§ WHAT YOU NEED TO DO
The lines to copy from the data below are those that hold the string "reindex".
****************
lemma Ints_inverse_mat:
  fixes A B :: "real mat"
  assumes A: "A \<in> carrier_mat n n" and B: "B \<in> carrier_mat n n" and AB: "A * B = 1\<^sub>m n"
    and A_Ints: "\<And>i j. i < n \<Longrightarrow> j < n \<Longrightarrow> A $$ (i, j) \<in> \<int>"
    and det_unit: "det A \<in> {-1, 1}"
    and "i < n" "j < n"
  shows "B $$ (i, j) \<in> \<int>"
proof -
  have "adj_mat A = adj_mat A * (A * B)"
    using adj_mat[OF A] AB by simp
  also have "\<dots> = (adj_mat A * A) * B"
    using adj_mat(1)[OF A] A B by simp
  also have "\<dots> = det A \<cdot>\<^sub>m B"
    using adj_mat(3)[OF A] mult_smult_assoc_mat[OF one_carrier_mat B] B by simp
  finally have "adj_mat A $$ (i, j) = det A * B $$ (i, j)"
    using B \<open>i < n\<close> \<open>j < n\<close> by simp
  moreover have "adj_mat A $$ (i, j) \<in> \<int>"
    using A A_Ints \<open>i < n\<close> \<open>j < n\<close> by (intro Ints_adj_mat) auto
  ultimately show ?thesis
    using det_unit by (auto simp flip: minus_mult_left)
qed

lemma is_inverse_on_card_eq:
  assumes "finite R" "finite C" "is_inverse_on R C M Minv"
  shows "card R = card C"
proof -
  have "real (card R) = (\<Sum>r\<in>R. \<Sum>k\<in>C. M r k * Minv k r)"
    using assms(3) unfolding is_inverse_on_def by simp
  also have "\<dots> = (\<Sum>k\<in>C. \<Sum>r\<in>R. Minv k r * M r k)"
    by (subst sum.swap) (simp add: mult.commute)
  also have "\<dots> = real (card C)"
    using assms(3) unfolding is_inverse_on_def by simp
  finally show ?thesis by simp
qed
(* The functions e_A, A \<subseteq> D, form a basis of the real functions on the cube. They are
   linearly independent: if A is maximal among the sets with nonzero coefficient, the functional
   h \<mapsto> \<Sum> (-1)^(\<Sum>_{j \<in> A} z_j) h(z), summed over the face {z : z_i = 0 for i \<notin> A}, is
   positive on e_A and vanishes on every e_B with A \<not>\<subseteq> B, because flipping a coordinate
   j \<in> A - B reverses the sign and leaves e_B unchanged. There are 2^d of them, as many as points
   of the cube, so they also span. For B \<subset> B' and g a function of X_B, E[e_B' g] is the same
   alternating sum of g over the face of B' (the weight 1/P_B' cancels the law of X_B'), which
   vanishes by flipping a coordinate in B' - B: this is hierarchical orthogonality. The
   equations \<Gamma>\<beta> = \<mu> are linearity of expectation. *)

interpretation real_fun: vector_space "\<lambda>c (f :: 'a \<Rightarrow> real) x. c * f x"
  by unfold_locales (auto simp: fun_eq_iff algebra_simps)

lemma sum_apply: "(\<Sum>i\<in>I. f i) x = (\<Sum>i\<in>I. f i x)"
  by (induction I rule: infinite_finite_induct) auto

lemma span_point_indicators:
  assumes "finite S" and "\<And>x. x \<notin> S \<Longrightarrow> h x = 0"
  shows "h \<in> real_fun.span ((\<lambda>s x. if x = s then 1 else 0 :: real) ` S)"
proof -
  have "h = (\<Sum>s\<in>S. (\<lambda>x. h s * (if x = s then 1 else 0)))"
    using assms by (auto simp: fun_eq_iff sum_apply if_distrib[of "(*) _"] cong: if_cong)
  also have "\<dots> \<in> real_fun.span ((\<lambda>s x. if x = s then 1 else 0) ` S)"
    by (intro real_fun.span_sum real_fun.span_scale real_fun.span_base) auto
  finally show ?thesis .
qed

lemma eq_if_kernel_trivial:
  fixes f :: "'i \<Rightarrow> 'a \<Rightarrow> real"
  assumes kernel: "\<And>c. \<forall>x\<in>S. (\<Sum>i\<in>I. c i * f i x) = 0 \<Longrightarrow> \<forall>i\<in>I. c i = 0"
    and I: "finite I" "i \<in> I" "j \<in> I" and eq: "\<forall>x\<in>S. f i x = f j x"
  shows "i = j"
proof (rule ccontr)
  assume "i \<noteq> j"
  define c :: "'i \<Rightarrow> real" where "c k = of_bool (k = i) - of_bool (k = j)" for k
  have "(\<Sum>k\<in>I. c k * f k x) = f i x - f j x" for x
    using I by (simp add: c_def left_diff_distrib sum_subtractf)
  then have "c i = 0"
    using kernel[of c] eq I(2) by simp
  with \<open>i \<noteq> j\<close> show False
    by (simp add: c_def)
qed

lemma linear_system_solvable_if_kernel_trivial:
  fixes f :: "'i \<Rightarrow> 'a \<Rightarrow> real" and g :: "'a \<Rightarrow> real"
  assumes S: "finite S" and I: "finite I" and card: "card S \<le> card I"
    and kernel: "\<And>c. \<forall>x\<in>S. (\<Sum>i\<in>I. c i * f i x) = 0 \<Longrightarrow> \<forall>i\<in>I. c i = 0"
  shows "\<exists>c. \<forall>x\<in>S. g x = (\<Sum>i\<in>I. c i * f i x)"
proof -
  (* Cut off outside S, all functions lie in the span of the card S point indicators V. *)
  define cut where "cut h = (\<lambda>x. if x \<in> S then h x else 0)" for h :: "'a \<Rightarrow> real"
  have cut_on_S: "cut h x = h x" if "x \<in> S" for h x
    using that by (simp add: cut_def)
  define V where "V = (\<lambda>s x. if x = s then 1 else 0 :: real) ` S"
  define F where "F = (\<lambda>i. cut (f i)) ` I"
  have finite_F: "finite F"
    using I by (simp add: F_def)
  have inj: "inj_on (\<lambda>i. cut (f i)) I"
  proof (rule inj_onI)
    fix i j assume ij: "i \<in> I" "j \<in> I" and eq: "cut (f i) = cut (f j)"
    have "\<forall>x\<in>S. f i x = f j x"
      using eq unfolding cut_def fun_eq_iff by (metis (full_types))
    then show "i = j"
      using eq_if_kernel_trivial[where f = f and S = S and I = I, OF kernel I ij] by blast
  qed
  have indep: "real_fun.independent F"
  proof (rule real_fun.independent_if_scalars_zero[OF finite_F])
    fix c v assume zero: "(\<Sum>v\<in>F. (\<lambda>x. c v * v x)) = 0" and v: "v \<in> F"
    have "(\<Sum>i\<in>I. c (cut (f i)) * f i x) = 0" if "x \<in> S" for x
      using fun_cong[OF zero, of x] that unfolding F_def sum.reindex[OF inj]
      by (simp add: sum_apply cut_on_S)
    then have "\<forall>i\<in>I. c (cut (f i)) = 0"
      by (intro kernel) blast
    then show "c v = 0"
      using v by (auto simp: F_def)
  qed
  have "cut g \<in> real_fun.span F"
  proof (rule ccontr)
    assume not_in_span: "cut g \<notin> real_fun.span F"
    then have "real_fun.independent (insert (cut g) F)"
      using indep by (rule real_fun.independent_insertI)
    moreover have "insert (cut g) F \<subseteq> real_fun.span V"
      unfolding V_def F_def using S by (auto intro: span_point_indicators simp: cut_def)
    moreover have "finite V"
      using S by (simp add: V_def)
    ultimately have "card (insert (cut g) F) \<le> card V"
      by (intro conjunct2[OF real_fun.independent_span_bound])
    also have "\<dots> \<le> card I"
      unfolding V_def using le_trans[OF card_image_le[OF S] card] .
    also have "card I = card F"
      using card_image[OF inj] by (simp add: F_def)
    finally have "card (insert (cut g) F) \<le> card F" .
    moreover have "cut g \<notin> F"
      using not_in_span real_fun.span_base by blast
    ultimately show False
      using finite_F by simp
  qed
  then obtain c where c: "cut g = (\<Sum>v\<in>F. (\<lambda>x. c v * v x))"
    using real_fun.span_finite[OF finite_F] by auto
  have "g x = (\<Sum>i\<in>I. c (cut (f i)) * f i x)" if "x \<in> S" for x
    using fun_cong[OF c, of x] that unfolding F_def sum.reindex[OF inj]
    by (simp add: sum_apply cut_on_S)
  then show ?thesis
    by (intro exI[of _ "\<lambda>i. c (cut (f i))"]) blast
qed

definition depends_only_on :: "nat set \<Rightarrow> ((nat \<Rightarrow> bool) \<Rightarrow> 'b) \<Rightarrow> bool" where
  "depends_only_on A h \<longleftrightarrow> (\<forall>x y. (\<forall>j\<in>A. x j = y j) \<longrightarrow> h x = h y)"

lemma depends_only_onD: "depends_only_on A h \<Longrightarrow> (\<And>j. j \<in> A \<Longrightarrow> x j = y j) \<Longrightarrow> h x = h y"
  unfolding depends_only_on_def by blast

definition walsh :: "nat set \<Rightarrow> (nat \<Rightarrow> bool) \<Rightarrow> real" where
  "walsh A x = (-1) ^ (\<Sum>j\<in>A. (if x j then 1 else 0 :: nat))"

lemma e_fun_eq_walsh_div_marg: "e_fun p A x = walsh A x / marg p A x"
  by (simp add: e_fun_def walsh_def)

lemma depends_only_on_walsh: "depends_only_on A (walsh A)"
  unfolding depends_only_on_def walsh_def by (auto intro!: arg_cong[of _ _ "power (-1)"] sum.cong)

lemma depends_only_on_marg: "depends_only_on A (marg p A)"
  unfolding depends_only_on_def marg_def by (auto intro!: arg_cong[of _ _ "measure_pmf.prob p"])

lemma depends_only_on_e_fun: "depends_only_on A (e_fun p A)"
  using depends_only_on_walsh depends_only_on_marg
  unfolding depends_only_on_def e_fun_eq_walsh_div_marg by metis

lemma walsh_flip:
  assumes "finite A" "j \<in> A"
  shows "walsh A (x(j := \<not> x j)) = - walsh A x"
proof -
  have "walsh (A - {j}) (x(j := \<not> x j)) = walsh (A - {j}) x"
    using depends_only_on_walsh by (rule depends_only_onD) simp
  then show ?thesis
    using assms by (simp add: walsh_def sum.remove power_add)
qed

lemma walsh_square: "walsh A x * walsh A x = 1"
  by (simp add: walsh_def flip: power_mult_distrib)

lemma finite_index_set: "finite (index_set d)"
  by (simp add: index_set_def)

lemma mem_cube_iff: "x \<in> cube d \<longleftrightarrow> (\<forall>i. i \<notin> index_set d \<longrightarrow> x i = undefined)"
  by (auto simp: cube_def PiE_iff extensional_def)

lemma finite_cube: "finite (cube d)"
  by (simp add: cube_def finite_PiE finite_index_set)

lemma card_cube: "card (cube d) = card (Pow (index_set d))"
  by (simp add: cube_def card_PiE finite_index_set card_Pow)

definition face :: "nat \<Rightarrow> nat set \<Rightarrow> (nat \<Rightarrow> bool) set" where
  "face d A = {z \<in> cube d. \<forall>i \<in> index_set d - A. \<not> z i}"

definition face_proj :: "nat \<Rightarrow> nat set \<Rightarrow> (nat \<Rightarrow> bool) \<Rightarrow> nat \<Rightarrow> bool" where
  "face_proj d A x = (\<lambda>i. if i \<in> index_set d then i \<in> A \<and> x i else undefined)"

lemma finite_face: "finite (face d A)"
  using finite_cube by (simp add: face_def)

lemma face_proj_in_face: "face_proj d A x \<in> face d A"
  by (simp add: face_def face_proj_def mem_cube_iff)

lemma face_proj_agrees: "A \<subseteq> index_set d \<Longrightarrow> j \<in> A \<Longrightarrow> face_proj d A x j = x j"
  by (auto simp: face_proj_def)

lemma face_proj_eq_iff:
  assumes "A \<subseteq> index_set d" "z \<in> face d A"
  shows "face_proj d A y = z \<longleftrightarrow> (\<forall>j\<in>A. y j = z j)"
  using assms by (auto simp: face_def face_proj_def mem_cube_iff fun_eq_iff)

lemma face_proj_image:
  assumes "A \<subseteq> index_set d"
  shows "face_proj d A ` cube d = face d A"
proof
  show "face_proj d A ` cube d \<subseteq> face d A"
    using face_proj_in_face by blast
  show "face d A \<subseteq> face_proj d A ` cube d"
  proof
    fix z assume z: "z \<in> face d A"
    then have "face_proj d A z = z"
      using face_proj_eq_iff[OF assms z] by blast
    moreover have "z \<in> cube d"
      using z by (simp add: face_def)
    ultimately show "z \<in> face_proj d A ` cube d"
      by (metis image_eqI)
  qed
qed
****************
§ EXERCISE ANSWER
      using fun_cong[OF zero, of x] that unfolding F_def sum.reindex[OF inj]
    using fun_cong[OF c, of x] that unfolding F_def sum.reindex[OF inj]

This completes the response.